My first dive-shop experience was down a back alley in Loughton, on a nameless industrial estate, with the diving officer. I was a wide-eyed novice; he was after something horribly tedious like a new pillar valve. He wouldn't let me touch anything in case I showed myself up.
Not much chance of that - the staff were briskly doing far more important things, and I was as invisible as last year's Big Brother winner at a celebrity bash.
The well-hidden location and harsh strip-lighting lent the place an ambience that teetered between criminal underworld hang-out and porn-movie location. Visiting the shop was a daring adventure; I felt that I risked being challenged and exposed for my sad lack of diving knowledge at any moment.
The whole thing was perversely thrilling, but I was determined to be a real diver with my own kit. My next shopping trip was more promising.
I picked a big, bright watersports shop in central London, with staff keen enough to actually sell stuff and - in that fit of enthusiasm coupled with ineptitude that is the hallmark of a diving trainee - I spent a large sum of money on a mask that resembled a conservatory. It flooded the minute I jumped in the pool, and I used 50 bar each time I cleared it.

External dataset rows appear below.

lemma confluence_target_two_in_neighbours:
  assumes "confluence D a b p q"
  obtains x y where "x \<noteq> y" "(x, b) \<in> D" "(y, b) \<in> D"
proof -
  have p: "dpath D p a b" and q: "dpath D q a b" and "p \<noteq> q"
    and disj: "set p \<inter> set q \<subseteq> {a, b}"
    using assms unfolding confluence_def by auto
  have "a \<noteq> b"
    using dpath_same_ends p q \<open>p \<noteq> q\<close> by metis
  obtain x where x: "(x, b) \<in> D" "x \<in> set p" "x \<noteq> b" "x = a \<longrightarrow> p = [a, b]"
    by (rule dpath_last_edge[OF p \<open>a \<noteq> b\<close>])
  obtain y where y: "(y, b) \<in> D" "y \<in> set q" "y \<noteq> b" "y = a \<longrightarrow> q = [a, b]"
    by (rule dpath_last_edge[OF q \<open>a \<noteq> b\<close>])
  have "x \<noteq> y"
  proof
    assume "x = y"
    with x y disj have "x = a" by blast
    with x y \<open>x = y\<close> \<open>p \<noteq> q\<close> show False by simp
  qed
  with x y that show thesis by blast
qed

lemma triangle_labels:
  assumes "(a, b) \<in> D" "(b, c) \<in> D" "(a, c) \<in> D" "a \<noteq> b" "b \<noteq> c" "a \<noteq> c"
  shows "c \<in> label D (a, c)" "c \<in> label D (a, b)"
proof -
  have "confluence D a c [a, c] [a, b, c]"
    using assms unfolding confluence_def dpath_def by (auto simp: less_Suc_eq nth_Cons')
  then show "c \<in> label D (a, c)" "c \<in> label D (a, b)"
    unfolding label_def path_edges_def by force+
qed

lemma extraction_order_subset:
  "extraction_order V E D s \<Longrightarrow> D \<subseteq> E \<union> E\<inverse>"
  unfolding extraction_order_def by blast

lemma extraction_order_orients:
  "extraction_order V E D s \<Longrightarrow> (x, y) \<in> E \<Longrightarrow> (x, y) \<in> D \<or> (y, x) \<in> D"
  unfolding extraction_order_def by blast

lemma extraction_order_no_edge_into_root:
  assumes "extraction_order V E D s" "x \<in> V"
  shows "(x, s) \<notin> D"
proof
  assume "(x, s) \<in> D"
  moreover have "(s, x) \<in> D\<^sup>*" "acyclic D"
    using assms unfolding extraction_order_def by auto
  ultimately show False
    unfolding acyclic_def by (meson rtrancl_into_trancl1)
qed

After two pool sessions of floundering blindly and grabbing my buddy by the crotch rather than the shoulder-strap during a controlled buoyant lift, my mask was confiscated by the training officer.
Then, on my first dive trip to Portland, I discovered Parry's. OK, so it looked like a WW2 prefab that had accidentally been blasted into the car park by a stray V2, but it was a treasure trove. You could lose yourself for hours among the jars of multi-coloured curly cord, hose-protectors and mask-straps. The blades of new dive knives glittered.
Examples of old-style dive kit adorned the walls, like a mini-museum. Fossilised starfish and bits of driftwood from Chesil beach decorated glass cases full of compasses, depth-gauges and dive watches. I made several visits for fills, and found that once I'd stepped over the threshold more than once, the staff treated me like an old mate. Marvellous.
Who would miss out on the glorious experience of visiting a dive shop, getting dizzy on the gluey smells, stroking all that new equipment and lusting after the shiny-shiny bits? You find all kinds of funky stuff that you never knew existed - like little squeezy sachets of "Sink the stink!" and yellowing, chunky lumps of zipwax.
Now I'm a big fan of the Internet - my job is, after all, running Divernet.com - and I find online shopping nowhere near as exciting as doing it in the flesh, but it does have some advantages.
Online dive shops never shut. You can dally over the details of the latest Suunto computer at 3am if you so wish. You can comfortably compare who has the best deal on that must-have Apeks regulator without shifting your bum from that armchair. It's the modern way, but you still can't buy an air-fill over the Internet.
UK diving is dead without dive shops, so if you're going to buy online, do it through a dive-shop website. After all, why would you shop for something as important and intimate as dive kit from someone you don't know, on an auction site such as eBay? You don't know where it's been! It's like buying secondhand underwear.
"So would you buy a used pair of knickers on eBay?" I asked Marky Mark. "Depends," he said, all mysterious. "On what?" I demanded. "Well, if it was Kylie's used knickers..." I hate him when he's right.